На столе, рядом с розовой вазочкой, лежала тетрадь. Белые листы, синие линии, отведенные поля… и выведенная аккуратным почерком фраза на первой странице.
«Больше не будет больно и плохо – сегодня не кончится никогда».
– Это ее?
– Тетрадь? Да, наверное. Не знаю. – Жанна Аркадьевна обняла себя за плечи. – Вы спрашивайте, я отвечу, я… смогу. Давайте расскажу, как это случилось?
– Расскажите.
– Мы отдохнуть собирались, я и Игорь. Швейцария… горы, маленький городок, снег, огонь, тишина… здесь не хватает тишины, я любила такие поездки.
– А Маша? – Матвей пролистал тетрадь и, обнаружив сложенную вчетверо записку, не удивился. Если было самоубийство, то должна быть и записка.
– Маша? Маше учиться надо… у нее с учебой не очень, если бы пропустила – пришлось бы потом сложно. Мы с ней летом ездили в Крым.
Матвей кивнул. Крым так Крым, в конце концов, не его дело.
– Думаете, она обиделась? Из-за того, что ее не взяли? Но… но это просто глупо! – Жанна Аркадьевна даже чуть покраснела. Правда, может, и не чуть, но под пудрой не видно.
А что до глупостей, то шестнадцать лет – самый подходящий для сотворения глупостей возраст.
– Она мне мстила! Мне! Игорь считает теперь, что это я виновата, недосмотрела. А как бы я досмотрела, если в салоне была? Прихожу, а квартира открыта.
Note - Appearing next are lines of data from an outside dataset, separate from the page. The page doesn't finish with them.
(* Let $\Omega\subset\mathbb{R}^n$ be open, $\omega$ a weight, and $\varphi\in\Phi_{\mathrm w}(\Omega)$. Then $\varphi$ satisfies (A2)$_\omega$ if and only if there exist a weak $\Phi$-function $\varphi_\infty:[0,\infty)\to[0,\infty]$ (independent of $x$), a function $h\in L^1(\Omega,\omega)\cap L^\infty(\Omega)$ and $\beta\in(0,1]$ such that for almost every $x\in\Omega$: $\varphi(x,\beta t)\le\varphi_\infty(t)+h(x)$ whenever $\varphi_\infty(t)\in[0,1]$, and $\varphi_\infty(\beta t)\le\varphi(x,t)+h(x)$ whenever $\varphi(x,t)\in[0,1]$.
   Context: A weight is a nonnegative locally integrable function $\omega$ on $\mathbb{R}^n$; $L^1(\Omega,\omega)$ is the set of measurable $h$ with $\int_\Omega|h|\omega\,dx<\infty$. For $p>0$, $\varphi$ satisfies (aInc)$_p$ if there is $a\ge1$ with $\varphi(x,s)/s^p\le a\,\varphi(x,t)/t^p$ for all $0<s<t$ and a.e. $x$. $\varphi:\Omega\times[0,\infty)\to[0,\infty]$ is a $\Phi$-prefunction if $x\mapsto\varphi(x,|f(x)|)$ is measurable for every measurable $f$, and for a.e. $x$ the map $t\mapsto\varphi(x,t)$ is increasing with $\varphi(x,0)=\lim_{t\to0^+}\varphi(x,t)=0$ and $\lim_{t\to\infty}\varphi(x,t)=\infty$. $\Phi_{\mathrm w}(\Omega)$ is the set of $\Phi$-prefunctions satisfying (aInc)$_1$; a weak $\Phi$-function independent of $x$ is one of these with no $x$-dependence. (A2)$_\omega$: for every $s>0$ there exist $\beta_2\in(0,1]$ and $h\in L^1(\Omega,\omega)\cap L^\infty(\Omega)$, $h\ge0$, such that $\varphi(x,\beta_2t)\le\varphi(y,t)+h(x)+h(y)$ for a.e. $x,y\in\Omega$ whenever $\varphi(y,t)\in[0,s]$. *)

theory Defs
  imports "HOL-Analysis.Analysis"
begin

definition weight :: "('a::euclidean_space \<Rightarrow> real) \<Rightarrow> bool" where
  "weight \<omega> \<longleftrightarrow> (\<forall>x. 0 \<le> \<omega> x) \<and>
     (\<forall>K. compact K \<longrightarrow> integrable (lebesgue_on K) \<omega>)"

definition L1w_Linf :: "'a::euclidean_space set \<Rightarrow> ('a \<Rightarrow> real) \<Rightarrow> ('a \<Rightarrow> real) \<Rightarrow> bool" where
  "L1w_Linf \<Omega> \<omega> h \<longleftrightarrow> h \<in> borel_measurable (lebesgue_on \<Omega>) \<and>
     (\<integral>\<^sup>+ x. ennreal (\<bar>h x\<bar> * \<omega> x) \<partial>(lebesgue_on \<Omega>)) < \<infinity> \<and>
     (\<exists>M. AE x in lebesgue_on \<Omega>. \<bar>h x\<bar> \<le> M)"

definition Phi_pre :: "'a::euclidean_space set \<Rightarrow> ('a \<Rightarrow> real \<Rightarrow> ennreal) \<Rightarrow> bool" where
  "Phi_pre \<Omega> \<phi> \<longleftrightarrow>
     (\<forall>f. f \<in> borel_measurable (lebesgue_on \<Omega>) \<longrightarrow>
        (\<lambda>x. \<phi> x \<bar>f x\<bar>) \<in> borel_measurable (lebesgue_on \<Omega>)) \<and>
     (AE x in lebesgue_on \<Omega>. mono_on {0..} (\<phi> x) \<and> \<phi> x 0 = 0 \<and>
        (\<phi> x \<longlongrightarrow> 0) (at_right 0) \<and> (\<phi> x \<longlongrightarrow> \<infinity>) at_top)"

definition aInc :: "real \<Rightarrow> 'a::euclidean_space set \<Rightarrow> ('a \<Rightarrow> real \<Rightarrow> ennreal) \<Rightarrow> bool" where
  "aInc p \<Omega> \<phi> \<longleftrightarrow> (\<exists>a\<ge>1. AE x in lebesgue_on \<Omega>. \<forall>s t. 0 < s \<and> s < t \<longrightarrow>
       \<phi> x s / ennreal (s powr p) \<le> ennreal a * (\<phi> x t / ennreal (t powr p)))"

definition Phi_w :: "'a::euclidean_space set \<Rightarrow> ('a \<Rightarrow> real \<Rightarrow> ennreal) \<Rightarrow> bool" where
  "Phi_w \<Omega> \<phi> \<longleftrightarrow> Phi_pre \<Omega> \<phi> \<and> aInc 1 \<Omega> \<phi>"

definition weak_Phi_const :: "(real \<Rightarrow> ennreal) \<Rightarrow> bool" where
  "weak_Phi_const \<psi> \<longleftrightarrow> mono_on {0..} \<psi> \<and> \<psi> 0 = 0 \<and>
     (\<psi> \<longlongrightarrow> 0) (at_right 0) \<and> (\<psi> \<longlongrightarrow> \<infinity>) at_top \<and>
     (\<exists>a\<ge>1. \<forall>s t. 0 < s \<and> s < t \<longrightarrow> \<psi> s / ennreal s \<le> ennreal a * (\<psi> t / ennreal t))"

definition A2w :: "'a::euclidean_space set \<Rightarrow> ('a \<Rightarrow> real) \<Rightarrow> ('a \<Rightarrow> real \<Rightarrow> ennreal) \<Rightarrow> bool" where
  "A2w \<Omega> \<omega> \<phi> \<longleftrightarrow> (\<forall>s>0. \<exists>\<beta>2 h. 0 < \<beta>2 \<and> \<beta>2 \<le> 1 \<and> L1w_Linf \<Omega> \<omega> h \<and> (\<forall>x. 0 \<le> h x) \<and>
     (AE z in (lebesgue_on \<Omega> \<Otimes>\<^sub>M lebesgue_on \<Omega>). \<forall>t\<ge>0.
        \<phi> (snd z) t \<le> ennreal s \<longrightarrow>
        \<phi> (fst z) (\<beta>2 * t) \<le> \<phi> (snd z) t + ennreal (h (fst z)) + ennreal (h (snd z))))"

end

theory Submission
  imports Defs
begin

text \<open>
  Say that \<open>\<phi>\<close> is dominated by \<open>\<psi> + K\<close> below level \<open>s\<close> if \<open>\<phi>(\<beta>t) \<le> \<psi>(t) + K\<close>
  whenever \<open>\<psi>(t) \<le> s\<close>. If \<open>\<phi>\<^sub>\<infinity>\<close> and \<open>\<phi>(x,\<cdot>)\<close> dominate each other below level 1
  with error \<open>h(x)\<close>, then \<open>(A2)\<^sub>\<omega>\<close> follows by passing from \<open>\<phi>(y,\<cdot>)\<close> through
  \<open>\<phi>\<^sub>\<infinity>\<close> to \<open>\<phi>(x,\<cdot>)\<close>: the argument is shrunk twice, by factors coming from
  \<open>(aInc)\<^sub>1\<close>, so that values below \<open>s\<close> and then below \<open>1 + sup h\<close> are brought below 1.

  Conversely, \<open>(A2)\<^sub>\<omega>\<close> at level 2 and Fubini give a co-null set \<open>S\<close> of points \<open>y\<close>
  such that \<open>\<phi>(y,\<cdot>)\<close> and \<open>\<phi>(x,\<cdot>)\<close> dominate each other below level 2 with error
  \<open>h(x) + h(y)\<close> for almost every \<open>x\<close>. Choose \<open>y\<^sub>n \<in> S\<close> with
  \<open>h(y\<^sub>n) \<rightarrow> c = inf\<^sub>S h\<close> and put \<open>\<phi>\<^sub>\<infinity>(t) = liminf\<^sub>n \<phi>(y\<^sub>n,t)\<close>. Then
  \<open>\<phi>\<^sub>\<infinity>\<close> and almost every \<open>\<phi>(x,\<cdot>)\<close> dominate each other below level 1 with error
  \<open>h(x) + c \<le> 2h(x)\<close>, which is still in \<open>L\<^sup>1(\<omega>) \<inter> L\<^sup>\<infinity>\<close>. The liminf preserves
  monotonicity and \<open>(aInc)\<^sub>1\<close>, and \<open>\<phi>\<^sub>\<infinity>\<close> inherits the limits at \<open>0\<close> and \<open>\<infinity>\<close>
  from any single \<open>\<phi>(x\<^sub>0,\<cdot>)\<close>.
\<close>

lemma sigma_finite_lebesgue: "sigma_finite_measure (lebesgue :: 'a::euclidean_space measure)"
proof
  show "\<exists>A. countable A \<and> A \<subseteq> sets lebesgue \<and> \<Union> A = space (lebesgue :: 'a measure) \<and>
      (\<forall>a\<in>A. emeasure lebesgue a \<noteq> \<infinity>)"
    using emeasure_lborel_cball_finite[of "0::'a", THEN less_imp_neq]
    by (intro exI[of _ "range (\<lambda>n::nat. cball 0 (real n))"]) (auto simp: real_arch_simple)
qed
Я думала, это Галя, домработница наша, и пошла к себе в комнату… отдохнуть.
О том, что было дальше, Матвей знал.
Тело Марии Игоревны Казиной обнаружила та самая домработница Галя, причем случилось это около десяти часов вечера. Судя по данным экспертизы, смерть наступила между двумя и тремя часами дня вследствие кровопотери, несовместимой с жизнью.
– Она к ужину не выходила, Игорь злиться начал, он вообще жутко бесится, когда нарушают порядок…
– А вы знали, что Маша дома? – Матвей развернул записку, по ходу отметив тонкую, не слишком подходящую для принтера писчую бумагу, и бледные буквы – пора менять картридж.
– Да, знала. Ботинки в коридоре стояли, и рюкзак тоже, такой, со значками… как дитя, ей-богу… я говорила, что пора бы ей повзрослеть, следить за собой, а она с рюкзаком этим. Кошмар просто! Игорь теперь считает, что я к ней нарочно цеплялась, а я не нарочно. Она же взрослая почти, в свет выходить надо, а куда в таком-то виде? Ох, простите, не то говорю. – Дрожащие пальцы мнут кружево, а оно распрямляется, распускается черным цветком. – Теперь уже все равно ведь… вены перерезала… в ванну забралась и перерезала. Игоревой бритвой… у него такая, складывающаяся, от отца осталась.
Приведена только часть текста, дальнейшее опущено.